How to detect the output voltage of a mic using arduino?

Post by yaantey »

Hey guys,

Can anyone point me to a simple circuit that can be used to wire a MIC to a speaker so that the speaker can output the inputs to MIC. Also then I can connect the output from mic to arduino to see the maximum and minimum voltage output of the MIC.

Im a newbie, so please help me out. Thanks.

mwilson
 
Posts: 46
Joined: Sun Oct 23, 2011 11:17 am

Re: How to detect the output voltage of a mic using arduino?

Post by mwilson »

I've got nothing that does exactly that. But...

The LM386 is the "standard" chip for building little audio amplifiers. The first typical application in the data sheet http://www.ti.com/lit/ds/symlink/lm386.pdf is probably close to what you want.

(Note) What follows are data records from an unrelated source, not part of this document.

(* Let $a$ be a prime, $s\ge1$, $k_1,\dots,k_s\ge0$ integers, $F=F_{a^{k_1}}\otimes\cdots\otimes F_{a^{k_s}}$ of size $N=a^{k_1+\cdots+k_s}$ with indexing group $I_F=\mathbb Z_{a^{k_1}}\times\cdots\times\mathbb Z_{a^{k_s}}$, $k_{\max}=\max_x k_x$, and $K(l)=\#\{x: k_x<l\}$. If $k_{\max}=0$ then $\mathbf D(F)=1$. If $k_{\max}>0$ then: (a) $\mathbf D(F)=\sum_{m=0}^{k_{\max}}\frac{N}{a^m}\,n_m$, where $n_m$ is the number of elements of order $a^m$ in $I_F$ (equivalently, the number of rows of $F$ consisting of $a^m$-th roots of unity). (b) $\mathbf D(F)=\frac Na\Big((a-1)\big(1+\sum_{m=1}^{k_{\max}}a^{-m+\sum_{x=1}^s\min(k_x,m)}\big)+a^{-k_{\max}+\sum_{x=1}^sk_x}\Big)$. (c) $\mathbf D(F)=\frac Na\Big((a-1)\big(1+\sum_{m=1}^{k_{\max}}a^{sm-\sum_{l=1}^m(K(l)+1)}\big)+a^{sk_{\max}-\sum_{l=1}^{k_{\max}}(K(l)+1)}\Big)$, and $sk_{\max}-\sum_{l=1}^{k_{\max}}(K(l)+1)=-k_{\max}+\sum_xk_x$. (d) Let $0<c_1<\dots<c_r=k_{\max}$ be the distinct nonzero values among the $k_x$, and set $c_0=0$. For $(\alpha,\beta)=(c_{y-1},c_y)$, $y=1,\dots,r$, let $\mu=s-K(\beta)-1\ (\ge0)$ and $$P(\alpha,\beta)=a^{\sum_{k_x\le\alpha}k_x+\mu(\alpha+1)}\sum_{d=0}^{\beta-\alpha-1}a^{\mu d}$$ (empty sums are $0$; note $\sum_{k_x\le\alpha}k_x+\mu(\alpha+1)=s(\alpha+1)-\sum_{l=1}^{\alpha+1}(K(l)+1)$). Then $\mu=0$ exactly when $y=r$ and $k_{\max}$ occurs only once among the $k_x$, in which case $P(\alpha,\beta)=a^{\sum_{k_x\le\alpha}k_x}(\beta-\alpha)$; otherwise $P(\alpha,\beta)=a^{\sum_{k_x\le\alpha}k_x+\mu(\alpha+1)}\frac{1-a^{\mu(\beta-\alpha)}}{1-a^{\mu}}$. Moreover $$\mathbf D(F)=\frac Na\Big((a-1)\big(1+P(c_0,c_1)+P(c_1,c_2)+\cdots+P(c_{r-1},c_r)\big)+a^{-k_{\max}+\sum_xk_x}\Big),$$ and the degrees (as polynomials in $a$) of $1,P(c_0,c_1),\dots,P(c_{r-1},c_r)$ form an increasing sequence, except that the last two degrees are equal, which happens if and only if $k_{\max}$ occurs exactly once among the $k_x$. (e) $\mathbf D(F)=\frac Na\Big((a-1)\big(1+a^{e_1}(1+a^{e_2}(1+\cdots(1+a^{e_{k_{\max}}})\cdots))\big)+a^{sk_{\max}-\sum_{l=1}^{k_{\max}}(K(l)+1)}\Big)$ with $e_m=s-(K(m)+1)$; each $e_m\ge0$, and $e_m=0$ if and only if $k_{\max}$ occurs exactly once among the $k_x$ and $c_{r-1}+1\le m\le c_r$.
   Context: For $n\ge1$, $F_n$ is the $n\times n$ matrix with rows and columns indexed by $\mathbb Z_n$ and entries $e^{2\pi i\,\tilde i\tilde j/n}$, and a Kronecker product $F_{N_1}\otimes\cdots\otimes F_{N_r}$ is indexed by $\mathbb Z_{N_1}\times\cdots\times\mathbb Z_{N_r}$ (entry at $(i,j)$ is $\prod_x(F_{N_x})_{i_x,j_x}$). For an $N\times N$ matrix $V$ with no zero entries and $V=\alpha U$ with $U$ unitary and $\alpha\ne0$, the undephased defect is $\mathbf D(V)=\dim_{\mathbb R}\{iR\circ V:\ R\text{ real},\ (iR\circ V)V^*\text{ antihermitian}\}$ ($\circ$ entrywise product). For a Fourier matrix this equals the number of entries of $F$ equal to $1$. *)

theory Defs
  imports "HOL-Analysis.Analysis" "HOL-Library.Function_Algebras"
    "HOL-Computational_Algebra.Polynomial" "HOL-Computational_Algebra.Primes"
begin

text \<open>A matrix with rows and columns indexed by the finite set I is a function
  of type idx => idx => complex (entries outside I are irrelevant / zero).\<close>

definition mat_mult :: "'i set \<Rightarrow> ('i \<Rightarrow> 'i \<Rightarrow> complex) \<Rightarrow> ('i \<Rightarrow> 'i \<Rightarrow> complex) \<Rightarrow> ('i \<Rightarrow> 'i \<Rightarrow> complex)"
  where "mat_mult I A B = (\<lambda>i j. \<Sum>l\<in>I. A i l * B l j)"

definition mat_adj :: "('i \<Rightarrow> 'i \<Rightarrow> complex) \<Rightarrow> ('i \<Rightarrow> 'i \<Rightarrow> complex)"
  where "mat_adj A = (\<lambda>i j. cnj (A j i))"

definition antihermitian_on :: "'i set \<Rightarrow> ('i \<Rightarrow> 'i \<Rightarrow> complex) \<Rightarrow> bool"
  where "antihermitian_on I A \<longleftrightarrow> (\<forall>i\<in>I. \<forall>j\<in>I. A i j = - cnj (A j i))"
lemma feedback_filtration_adapted:
  fixes pi :: "nat \<Rightarrow> 'b \<Rightarrow> 'c::topological_space" and fb :: "'n \<Rightarrow> nat \<Rightarrow> 'b \<Rightarrow> 'a::euclidean_space"
  assumes init: "\<And>\<omega>. \<omega> \<in> space M \<Longrightarrow> pi 0 \<omega> = p0"
    and fb: "\<And>s i. pi s \<in> borel_measurable M \<Longrightarrow> fb i s \<in> borel_measurable M"
    and step: "\<And>s N. space N = space M \<Longrightarrow> pi s \<in> borel_measurable N \<Longrightarrow>
        (\<And>i. fb i s \<in> borel_measurable N) \<Longrightarrow> pi (Suc s) \<in> borel_measurable N"
  shows "pi s \<in> borel_measurable (feedback_filtration M fb s)"
    and "subalgebra M (feedback_filtration M fb s)"
proof -
  let ?F = "feedback_filtration M fb"
  have "pi s \<in> borel_measurable (?F s) \<and> (\<forall>r<s. \<forall>i. fb i r \<in> borel_measurable M)"
  proof (induction s)
    case 0
    have "(\<lambda>_. p0) \<in> borel_measurable (?F 0)" by simp
    then have "pi 0 \<in> borel_measurable (?F 0)"
      by (rule measurable_cong[THEN iffD1, rotated]) (use init in auto)
    then show ?case by simp
  next
    case (Suc s)
    then have pi_s: "pi s \<in> borel_measurable (?F s)"
      and fb_lt: "\<And>r i. r < s \<Longrightarrow> fb i r \<in> borel_measurable M" by auto
    have "subalgebra M (?F s)" using fb_lt by (rule subalgebra_feedback_filtration)
    then have "pi s \<in> borel_measurable M" using pi_s by (rule measurable_from_subalg)
    then have fb_s: "fb i s \<in> borel_measurable M" for i by (rule fb)
    have "pi s \<in> borel_measurable (?F (Suc s))"
      by (rule measurable_from_subalg[OF subalgebra_feedback_filtration_mono pi_s]) simp
    then have "pi (Suc s) \<in> borel_measurable (?F (Suc s))"
      by (rule step[OF space_feedback_filtration _ measurable_feedback_filtration]) simp
    moreover have "\<forall>r<Suc s. \<forall>i. fb i r \<in> borel_measurable M"
      using fb_lt fb_s by (auto simp: less_Suc_eq)
    ultimately show ?case by blast
  qed
  then show "pi s \<in> borel_measurable (?F s)" and "subalgebra M (?F s)"
    by (blast, intro subalgebra_feedback_filtration) blast
qed
(* Let $\mathsf{A}$ be a finite set of $d \times d$ matrices over $\mathbb{C}$, and let $\mathsf{R} \subseteq \mathsf{A}$ be the set of all elements of $\mathsf{A}$ which have rank greater than or equal to two. If $\mathsf{A}$ does not satisfy the finiteness property, then $\mathsf{R}$ contains at least two elements, $\varrho(\mathsf{A})=\varrho(\mathsf{R})$, and $\mathsf{R}$ does not satisfy the finiteness property.
   Context: For a square matrix $A$, $\rho(A)$ denotes its ordinary spectral radius. For a nonempty bounded set $\mathsf{A}$ of $d\times d$ complex matrices, the joint spectral radius is \[\varrho(\mathsf{A})=\lim_{n \to \infty} \sup\left\{\left\|A_{i_n} \cdots A_{i_1}\right\|^{1/n} \colon A_{i_j} \in \mathsf{A}\right\},\] where $\|\cdot\|$ is any matrix norm (the limit exists and is independent of the norm). For $n\ge 1$ let $\mathsf{A}_n=\{A_{i_1}\cdots A_{i_n} \colon A_{i_j}\in\mathsf{A}\}$. A finite nonempty set $\mathsf{A}$ of square matrices is said to have the finiteness property if there exists an integer $N\geq 1$ such that $\varrho(\mathsf{A})=\max\{\rho(A)^{1/N} \colon A \in \mathsf{A}_N\}$. *)

theory Defs
  imports "Jordan_Normal_Form.Spectral_Radius" "Jordan_Normal_Form.DL_Rank"
begin

text \<open>Frobenius norm of a complex matrix (any norm gives the same joint spectral radius).\<close>
definition mat_norm :: "complex mat \<Rightarrow> real" where
  "mat_norm M = sqrt (\<Sum>i<dim_row M. \<Sum>j<dim_col M. (cmod (M $$ (i,j)))\<^sup>2)"

fun products :: "nat \<Rightarrow> complex mat set \<Rightarrow> nat \<Rightarrow> complex mat set" where
  "products d A 0 = {1\<^sub>m d}"
| "products d A (Suc n) = {M * P | M P. M \<in> A \<and> P \<in> products d A n}"

definition jsr :: "nat \<Rightarrow> complex mat set \<Rightarrow> real" where
  "jsr d A = lim (\<lambda>n. Sup ((\<lambda>P. mat_norm P powr (1 / real n)) ` products d A n))"

definition finiteness_property :: "nat \<Rightarrow> complex mat set \<Rightarrow> bool" where
  "finiteness_property d A \<longleftrightarrow>
     (\<exists>N\<ge>1. jsr d A = Max ((\<lambda>P. spectral_radius P powr (1 / real N)) ` products d A N))"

The main unknown is gain: is the microphone signal hot enough to be noticed by the LM386 or Arduino. If not --
1) another circuit in the LM386 datasheet shows how to get higher gain.
2) for that or Arduino input, an operational amplifier between the mic and the rest of the circuit can give you whatever gain you need. The fundamental circuit is simple, but high-gain circuits can get tricky with respect to layout. (On the bench here I've got a breadboarded op-amp circuit that's turns into an oscillator if you jostle the parts.) Google a bit,

(later)
I guess it wouldn't kill me to explain where I'm coming from. This, http://www.generalguitargadgets.com/ric ... iceman.pdf is the schematic for an entire guitar amp using op-amps and an LM386. You'd have to filter out what you need. The op-amp gain stage I'm talking about would be the parts C4, R21, U3A, R19, C13, R20, and the voltage-divider R6, R7, C5 that feeds the Vbias voltage. (The similar parts around U3B do the same thing, but with a lower gain.) That's a starting point -- you'd better study up regardless.